Task
Of the material below, only the lines from the line containing "unfolding C1_def eig" down to the line containing "using that sq_eigenvalue_at_repeated" belong in the answer, written out exactly.

Material to process
================
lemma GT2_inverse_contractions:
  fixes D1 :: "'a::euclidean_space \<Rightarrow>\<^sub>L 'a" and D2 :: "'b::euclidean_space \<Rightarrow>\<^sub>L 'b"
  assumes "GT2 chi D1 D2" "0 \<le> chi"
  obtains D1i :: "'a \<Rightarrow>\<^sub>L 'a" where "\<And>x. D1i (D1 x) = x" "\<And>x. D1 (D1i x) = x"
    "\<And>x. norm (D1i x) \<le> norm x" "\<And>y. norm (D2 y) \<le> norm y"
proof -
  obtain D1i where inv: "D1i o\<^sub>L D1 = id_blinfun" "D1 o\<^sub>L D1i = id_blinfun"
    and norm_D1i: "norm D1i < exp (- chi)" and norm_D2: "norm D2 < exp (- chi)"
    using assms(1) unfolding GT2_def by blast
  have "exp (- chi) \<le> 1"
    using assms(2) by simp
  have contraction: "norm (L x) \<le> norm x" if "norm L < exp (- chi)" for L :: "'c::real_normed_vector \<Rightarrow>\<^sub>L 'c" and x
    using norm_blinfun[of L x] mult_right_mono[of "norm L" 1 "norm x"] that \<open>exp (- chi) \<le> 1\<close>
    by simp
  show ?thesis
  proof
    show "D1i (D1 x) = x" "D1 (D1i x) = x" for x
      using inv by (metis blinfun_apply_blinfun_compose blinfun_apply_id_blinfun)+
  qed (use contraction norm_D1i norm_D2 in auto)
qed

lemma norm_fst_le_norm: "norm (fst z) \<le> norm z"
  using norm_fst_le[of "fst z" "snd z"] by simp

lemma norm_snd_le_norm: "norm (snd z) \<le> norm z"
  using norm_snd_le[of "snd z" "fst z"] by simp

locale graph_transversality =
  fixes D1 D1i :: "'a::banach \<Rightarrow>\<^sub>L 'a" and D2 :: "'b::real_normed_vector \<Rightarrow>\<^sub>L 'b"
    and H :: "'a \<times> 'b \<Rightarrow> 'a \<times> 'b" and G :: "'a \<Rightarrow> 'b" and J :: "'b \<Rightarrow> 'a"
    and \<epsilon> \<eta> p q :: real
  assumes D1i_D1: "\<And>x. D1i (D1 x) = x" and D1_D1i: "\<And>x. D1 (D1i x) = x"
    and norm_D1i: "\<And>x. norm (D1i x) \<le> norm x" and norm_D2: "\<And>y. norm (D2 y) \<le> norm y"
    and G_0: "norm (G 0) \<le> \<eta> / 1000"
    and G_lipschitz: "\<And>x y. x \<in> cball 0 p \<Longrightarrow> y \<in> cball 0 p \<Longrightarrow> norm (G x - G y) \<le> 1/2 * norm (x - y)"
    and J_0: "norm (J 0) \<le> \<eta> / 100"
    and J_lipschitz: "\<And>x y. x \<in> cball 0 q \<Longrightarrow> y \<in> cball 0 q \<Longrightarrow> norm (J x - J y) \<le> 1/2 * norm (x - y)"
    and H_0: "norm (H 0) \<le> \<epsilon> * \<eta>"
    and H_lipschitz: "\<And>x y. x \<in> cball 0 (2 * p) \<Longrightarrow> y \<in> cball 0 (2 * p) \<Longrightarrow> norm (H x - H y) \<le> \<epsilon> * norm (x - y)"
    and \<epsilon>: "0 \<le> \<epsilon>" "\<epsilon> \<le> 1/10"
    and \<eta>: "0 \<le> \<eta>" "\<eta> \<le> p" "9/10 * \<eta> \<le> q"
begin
================
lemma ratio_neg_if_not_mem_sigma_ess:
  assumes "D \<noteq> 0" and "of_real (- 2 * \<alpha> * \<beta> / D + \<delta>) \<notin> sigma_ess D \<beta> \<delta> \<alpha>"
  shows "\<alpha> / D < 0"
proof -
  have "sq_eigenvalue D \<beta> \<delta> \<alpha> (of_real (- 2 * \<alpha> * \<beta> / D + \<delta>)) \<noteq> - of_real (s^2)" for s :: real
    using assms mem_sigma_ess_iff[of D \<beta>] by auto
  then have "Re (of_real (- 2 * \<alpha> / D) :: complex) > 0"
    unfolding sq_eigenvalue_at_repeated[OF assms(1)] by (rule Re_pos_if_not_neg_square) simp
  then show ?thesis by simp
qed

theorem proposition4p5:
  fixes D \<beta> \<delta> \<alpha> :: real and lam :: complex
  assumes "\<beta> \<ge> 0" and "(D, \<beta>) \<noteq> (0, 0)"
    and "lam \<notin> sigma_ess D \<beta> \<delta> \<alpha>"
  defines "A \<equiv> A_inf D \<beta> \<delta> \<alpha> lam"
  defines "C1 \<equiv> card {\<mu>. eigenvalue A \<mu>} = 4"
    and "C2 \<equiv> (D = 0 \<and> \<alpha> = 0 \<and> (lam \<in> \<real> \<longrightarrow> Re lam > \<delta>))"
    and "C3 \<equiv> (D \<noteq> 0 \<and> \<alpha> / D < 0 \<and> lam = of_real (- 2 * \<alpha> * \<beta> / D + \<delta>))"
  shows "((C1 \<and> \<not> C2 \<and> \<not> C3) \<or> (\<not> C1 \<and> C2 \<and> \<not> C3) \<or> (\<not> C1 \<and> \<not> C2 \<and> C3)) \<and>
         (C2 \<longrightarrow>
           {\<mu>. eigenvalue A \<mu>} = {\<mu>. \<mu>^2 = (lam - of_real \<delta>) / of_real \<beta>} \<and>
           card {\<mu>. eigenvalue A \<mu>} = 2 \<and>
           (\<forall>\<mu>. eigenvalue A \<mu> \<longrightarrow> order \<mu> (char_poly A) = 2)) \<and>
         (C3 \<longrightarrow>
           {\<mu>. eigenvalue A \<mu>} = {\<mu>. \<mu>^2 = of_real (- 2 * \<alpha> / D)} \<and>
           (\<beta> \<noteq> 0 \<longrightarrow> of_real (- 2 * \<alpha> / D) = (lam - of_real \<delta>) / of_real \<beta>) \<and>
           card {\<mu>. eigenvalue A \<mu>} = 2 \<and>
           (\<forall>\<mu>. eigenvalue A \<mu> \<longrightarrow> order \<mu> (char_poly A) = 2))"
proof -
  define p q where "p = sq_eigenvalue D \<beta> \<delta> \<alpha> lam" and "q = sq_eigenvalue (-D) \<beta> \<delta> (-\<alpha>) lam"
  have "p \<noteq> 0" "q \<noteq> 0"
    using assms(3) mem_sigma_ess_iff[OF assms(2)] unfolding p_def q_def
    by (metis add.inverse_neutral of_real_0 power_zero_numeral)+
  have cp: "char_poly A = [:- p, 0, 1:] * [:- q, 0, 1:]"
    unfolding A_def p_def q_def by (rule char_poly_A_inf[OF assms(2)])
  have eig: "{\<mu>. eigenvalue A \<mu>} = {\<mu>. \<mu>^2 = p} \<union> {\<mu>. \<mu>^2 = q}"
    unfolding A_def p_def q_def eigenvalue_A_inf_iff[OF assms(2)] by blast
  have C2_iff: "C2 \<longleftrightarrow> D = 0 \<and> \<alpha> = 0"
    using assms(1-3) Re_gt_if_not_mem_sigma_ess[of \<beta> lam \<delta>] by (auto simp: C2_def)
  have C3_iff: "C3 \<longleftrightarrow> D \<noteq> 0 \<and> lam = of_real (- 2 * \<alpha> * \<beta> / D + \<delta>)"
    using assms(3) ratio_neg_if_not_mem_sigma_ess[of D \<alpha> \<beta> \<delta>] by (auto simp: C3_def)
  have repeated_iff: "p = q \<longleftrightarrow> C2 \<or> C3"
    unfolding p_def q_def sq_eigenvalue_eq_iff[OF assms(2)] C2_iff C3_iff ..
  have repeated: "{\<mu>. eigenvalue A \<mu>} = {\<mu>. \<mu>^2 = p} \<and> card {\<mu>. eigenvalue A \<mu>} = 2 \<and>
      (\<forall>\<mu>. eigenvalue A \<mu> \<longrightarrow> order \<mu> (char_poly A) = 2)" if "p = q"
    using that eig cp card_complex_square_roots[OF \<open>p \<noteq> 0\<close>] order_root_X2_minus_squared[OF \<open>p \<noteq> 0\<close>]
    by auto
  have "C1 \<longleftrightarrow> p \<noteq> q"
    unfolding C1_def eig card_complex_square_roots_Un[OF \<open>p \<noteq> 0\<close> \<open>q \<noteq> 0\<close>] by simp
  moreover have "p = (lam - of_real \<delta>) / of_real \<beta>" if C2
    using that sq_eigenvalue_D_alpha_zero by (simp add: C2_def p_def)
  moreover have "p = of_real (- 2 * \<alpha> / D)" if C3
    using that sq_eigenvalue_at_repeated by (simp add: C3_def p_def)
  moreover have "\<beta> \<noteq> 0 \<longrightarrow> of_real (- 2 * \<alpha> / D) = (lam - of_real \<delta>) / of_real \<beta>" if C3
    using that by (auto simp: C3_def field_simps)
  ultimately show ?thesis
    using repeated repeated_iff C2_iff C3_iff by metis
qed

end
================
Result of the task
    unfolding C1_def eig card_complex_square_roots_Un[OF \<open>p \<noteq> 0\<close> \<open>q \<noteq> 0\<close>] by simp
  moreover have "p = (lam - of_real \<delta>) / of_real \<beta>" if C2
    using that sq_eigenvalue_D_alpha_zero by (simp add: C2_def p_def)
  moreover have "p = of_real (- 2 * \<alpha> / D)" if C3
    using that sq_eigenvalue_at_repeated by (simp add: C3_def p_def)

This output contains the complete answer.